- [WHAT TO WORK ON]
Find the lines in the records that carry the word "hedge". Copy each one.

- [MATERIAL PROVIDED]
(* Let $(W_{i,j})_{i\ge 1,\,0\le j\le N}$ be nonnegative integers with $\sum_i W_{i,j}<\infty$ for each $j$, and for each $j$ let $w_j$ be the one-rowed array consisting of $W_{1,j}$ copies of $1$, $W_{2,j}$ copies of $2$, $\dots$ (in weakly increasing order). Let $(L_{i,j})$ be the image of $(W_{i,j})$ under the tropicalization of the map $(V_{i,j})\mapsto (U_{i,j})$ defined by $$F(V_N)\cdots F(V_1)F(V_0)=F_{N+1}(U_{N+1})\cdots F_2(U_2)F_1(U_1).$$ Then, for $N$ sufficiently large, for all $i,j$ the number of entries equal to $i$ in the $j$-th row of the circled array $w_N\leftharpoonup w_{N-1}\leftharpoonup\cdots\leftharpoonup w_0$ equals $L_{i,j}$.
   Context: Let $M$ be the semifield of germs at $\epsilon=0$ of continuous positive functions $f(\epsilon)$, $\epsilon>0$, with $\lim_{\epsilon\to+0}\epsilon\log f(\epsilon)\in\mathbb{R}$, with usual $+,\cdot,{}^{-1}$, and let $\overline{f}=-\lim_{\epsilon\to+0}\epsilon\log f(\epsilon)$; this is a morphism $M\to\mathbb{R}$ sending $+$ to $\min$, $\cdot$ to $+$, ${}^{-1}$ to negation. For an infinite vector $V=(V_1,V_2,\dots)$, $F(V)$ is the infinite lower bidiagonal matrix with $1$ on the diagonal and $-V_1,-V_2,\dots$ on the subdiagonal, and $F_k(V)=\mathrm{diag}(\mathrm{Id}_{k-1},F(V))$. For vectors $V_j=(V_{1,j},V_{2,j},\dots)$, $j=0,\dots,N$, with entries in $M$, the vectors $U_j=(U_{1,j},U_{2,j},\dots)$, $j=1,\dots,N+1$, are uniquely determined by the displayed matrix equation and each $U_{i,j}$ is a subtraction-free rational expression in the $V$'s; the tropicalization is the piecewise-linear map $(W_{i,j})\mapsto(L_{i,j})$ obtained by replacing $+,\cdot,{}^{-1}$ by $\min,+,-$ in these expressions, i.e. $L_{i,j}=\overline{U_{i,j}}$ whenever $W_{i,j}=\overline{V_{i,j}}$. A circled array is a finite list of rows (row $1$, row $2$, $\dots$), each a finite weakly increasing sequence of positive integers regarded as circled numbers (empty rows allowed). A one-rowed array is a finite weakly increasing sequence of positive integers (boxed numbers). The action $C\leftharpoonup x$ of a one-rowed array $x$ on a circled array $C$ with rows $C_1,\dots,C_r$: put $x^{(1)}=x$; for $p=1,\dots,r$, list the circled entries of $C_p$ and the boxed entries of $x^{(p)}$ as a sequence of cells in the order: circled $1$'s, boxed $1$'s, circled $2$'s, boxed $2$'s, $\dots$. Regard circled cells as cells containing a ball and boxed cells as empty cells and perform one step of the Takahashi–Satsuma box-ball system: balls are moved one at a time from left to right, each to the nearest cell to its right that was originally empty and is not yet occupied by a moved ball; a ball with no such cell is discarded. Then each cell originally containing a ball becomes a boxed cell with its number decreased by one, each originally empty cell receiving a ball becomes a circled cell with the same number, other cells are unchanged, and boxed cells with number $0$ are deleted. The circled numbers, in order, form the new row $p$, and the boxed numbers, in order, form $x^{(p+1)}$. Finally $x^{(r+1)}$ is appended as a new last row (circled). For one-rowed arrays $x_1,\dots,x_n$, $x_1\leftharpoonup x_2\leftharpoonup\cdots\leftharpoonup x_n$ denotes the circled array obtained by acting successively with $x_1$, then $x_2$, $\dots$, then $x_n$ on the array with no rows. *)

theory Defs
  imports Complex_Main
begin

text \<open>A germ at 0 from the right is represented by a function real \<Rightarrow> real; only its
  values on some interval (0, delta) matter.  f is in M if it is continuous and positive on
  some (0, delta) and e * ln (f e) has a real limit as e tends to 0 from the right.\<close>

definition inM :: "(real \<Rightarrow> real) \<Rightarrow> bool" where
  "inM f \<longleftrightarrow> (\<exists>d>0. continuous_on {0<..<d} f \<and> (\<forall>e\<in>{0<..<d}. 0 < f e))
      \<and> (\<exists>c. ((\<lambda>e. e * ln (f e)) \<longlongrightarrow> c) (at_right 0))"

definition trop :: "(real \<Rightarrow> real) \<Rightarrow> real" where
  "trop f = - Lim (at_right 0) (\<lambda>e. e * ln (f e))"

text \<open>Matrices are indexed from 0 (row/column p corresponds to the paper's p+1);
  vectors V = (V_1, V_2, ...) are indexed from 1.  All matrices below are lower
  triangular, so the product entry (a,b) is the finite sum over b \<le> c \<le> a.\<close>

definition idm :: "nat \<Rightarrow> nat \<Rightarrow> real" where
  "idm a b = (if a = b then 1 else 0)"
lemma succ_trunc_if_rel2_in_minimal_generating_set:
  fixes q :: "'h \<Rightarrow> 'k::field"
  assumes qz: "quantizing G q" and not_A2: "\<not> is_A2 G" and mg: "minimal_generating_set G q \<rho>"
    and h: "h \<in> hes G" "trunc G h" and r2: "rel2 G h \<in> \<rho>"
  shows "trunc G (iota G (succ G (iota G h)))"
proof (rule ccontr)
  let ?b = "iota G h"
  let ?s = "succ G ?b"
  let ?s' = "iota G ?s"
  assume s'_nt: "\<not> trunc G ?s'"
  have b: "?b \<in> hes G" "\<not> trunc G ?b"
    using h trunc_both_is_A2[OF h] not_A2 by (auto simp: iota_in_hes)
  have s: "?s \<in> hes G" "vtx G ?s = vtx G ?b" "\<not> trunc G ?s"
    using b trunc_cong_vtx[OF vtx_succ[OF b(1)]] by (simp_all add: succ_in_hes vtx_succ)
  obtain c where c: "c \<noteq> 0" "(\<lambda>p. c * rel1 G q ?s p) \<in> \<rho>"
  proof -
    have "rel1 G q ?s \<in> \<rho> \<or> (\<lambda>p. - rel1 G q ?s p) \<in> \<rho>"
      using rel1_in_minimal_generating_set[OF qz mg s(1,3) s'_nt] by (simp add: rel1_iota s(1))
    then show thesis using that[of 1] that[of "-1"] by auto
  qed
  have R1: "(\<lambda>p. c * rel1 G q ?s p) \<noteq> rel2 G h"
  proof
    assume eq: "(\<lambda>p. c * rel1 G q ?s p) = rel2 G h"
    have "cycpow G ?s \<noteq> cycpow G ?s'"
      using cycpow_inject[OF s(1) iota_in_hes[OF s(1)]] iota_neq[OF s(1)] by metis
    then have "rel2 G h (hedge G ?s, cycpow G ?s) = c * q ?s"
      using fun_cong[OF eq[symmetric], of "(hedge G ?s, cycpow G ?s)"] by (simp add: rel1_def pvec_def)
    moreover have "rel2 G h (hedge G ?s, cycpow G ?s) = (0::'k)"
      using rel2_short_path[of "(hedge G ?s, cycpow G ?s)" G h] cycpow_same_length[OF s(2)] by simp
    moreover have "q ?s \<noteq> 0" using qz s s'_nt by (simp add: quantizing_def)
    ultimately show False using c(1) by simp
  qed
  have R3: "rel3 G ?b ?s' \<noteq> (rel2 G h :: _ \<Rightarrow> 'k)"
  proof
    assume eq: "rel3 G ?b ?s' = (rel2 G h :: _ \<Rightarrow> 'k)"
    have "rel2 G h (hedge G ?b, [?b, ?s']) = (0::'k)"
      using rel2_short_path[of "(hedge G ?b, [?b, ?s'])" G h] cycpow_length_ge_2[OF b] by simp
    with fun_cong[OF eq, of "(hedge G ?b, [?b, ?s'])"] show False by (simp add: rel3_def pvec_def)
  qed
  have "rel3 G ?b ?s' \<in> \<rho>"
    using rel3_in_minimal_generating_set[OF mg type3_iota_succ] b s'_nt s(1)
    by (simp add: arrows_def iota_in_hes)
  with c(2) R1 R3 have "{\<lambda>p. c * rel1 G q ?s p, rel3 G ?b ?s'} \<subseteq> \<rho> - {rel2 G h}" by simp
  then have "rel2 G h \<in> gen_ideal G (\<rho> - {rel2 G h})"
    using gen_ideal_mono rel2_in_gen_ideal[OF qz h b(2) s'_nt c(1)] by blast
  with minimal_generating_set_irredundant[OF mg r2] show False by contradiction
qed

end

theorem lemma2p1:
  fixes G :: "('h, 'v) bgraph" and q :: "'h \<Rightarrow> 'k::field"
    and \<rho> :: "('h set \<times> 'h list \<Rightarrow> 'k) set"
  assumes "brauer_graph G" and "quantizing G q" and "\<not> is_A2 G"
    and "minimal_generating_set G q \<rho>"
  shows "(\<forall>h\<in>hes G. \<not> trunc G h \<and> \<not> trunc G (iota G h) \<longrightarrow>
            rel1 G q h \<in> \<rho> \<or> rel1 G q (iota G h) \<in> \<rho>)
       \<and> (\<forall>a b. type3 G a b \<longrightarrow> rel3 G a b \<in> \<rho>)
       \<and> (\<forall>h\<in>hes G. trunc G h \<longrightarrow>
            (rel2 G h \<in> \<rho> \<longleftrightarrow> trunc G (iota G (succ G (iota G h)))))"
proof (intro conjI ballI allI impI)
  fix h assume "h \<in> hes G" "\<not> trunc G h \<and> \<not> trunc G (iota G h)"
  then show "rel1 G q h \<in> \<rho> \<or> rel1 G q (iota G h) \<in> \<rho>"
    using rel1_in_minimal_generating_set[OF assms(1,2,4)] by blast
next
  fix a b assume "type3 G a b"
  then show "rel3 G a b \<in> \<rho>" by (rule rel3_in_minimal_generating_set[OF assms(1,4)])
next
  fix h assume "h \<in> hes G" "trunc G h"
  then show "rel2 G h \<in> \<rho> \<longleftrightarrow> trunc G (iota G (succ G (iota G h)))"
    using rel2_in_minimal_generating_set[OF assms(1,4)]
      succ_trunc_if_rel2_in_minimal_generating_set[OF assms] by blast
qed

end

- [REPLY]
    then have "rel2 G h (hedge G ?s, cycpow G ?s) = c * q ?s"
      using fun_cong[OF eq[symmetric], of "(hedge G ?s, cycpow G ?s)"] by (simp add: rel1_def pvec_def)
    moreover have "rel2 G h (hedge G ?s, cycpow G ?s) = (0::'k)"
      using rel2_short_path[of "(hedge G ?s, cycpow G ?s)" G h] cycpow_same_length[OF s(2)] by simp
    have "rel2 G h (hedge G ?b, [?b, ?s']) = (0::'k)"
      using rel2_short_path[of "(hedge G ?b, [?b, ?s'])" G h] cycpow_length_ge_2[OF b] by simp
    with fun_cong[OF eq, of "(hedge G ?b, [?b, ?s'])"] show False by (simp add: rel3_def pvec_def)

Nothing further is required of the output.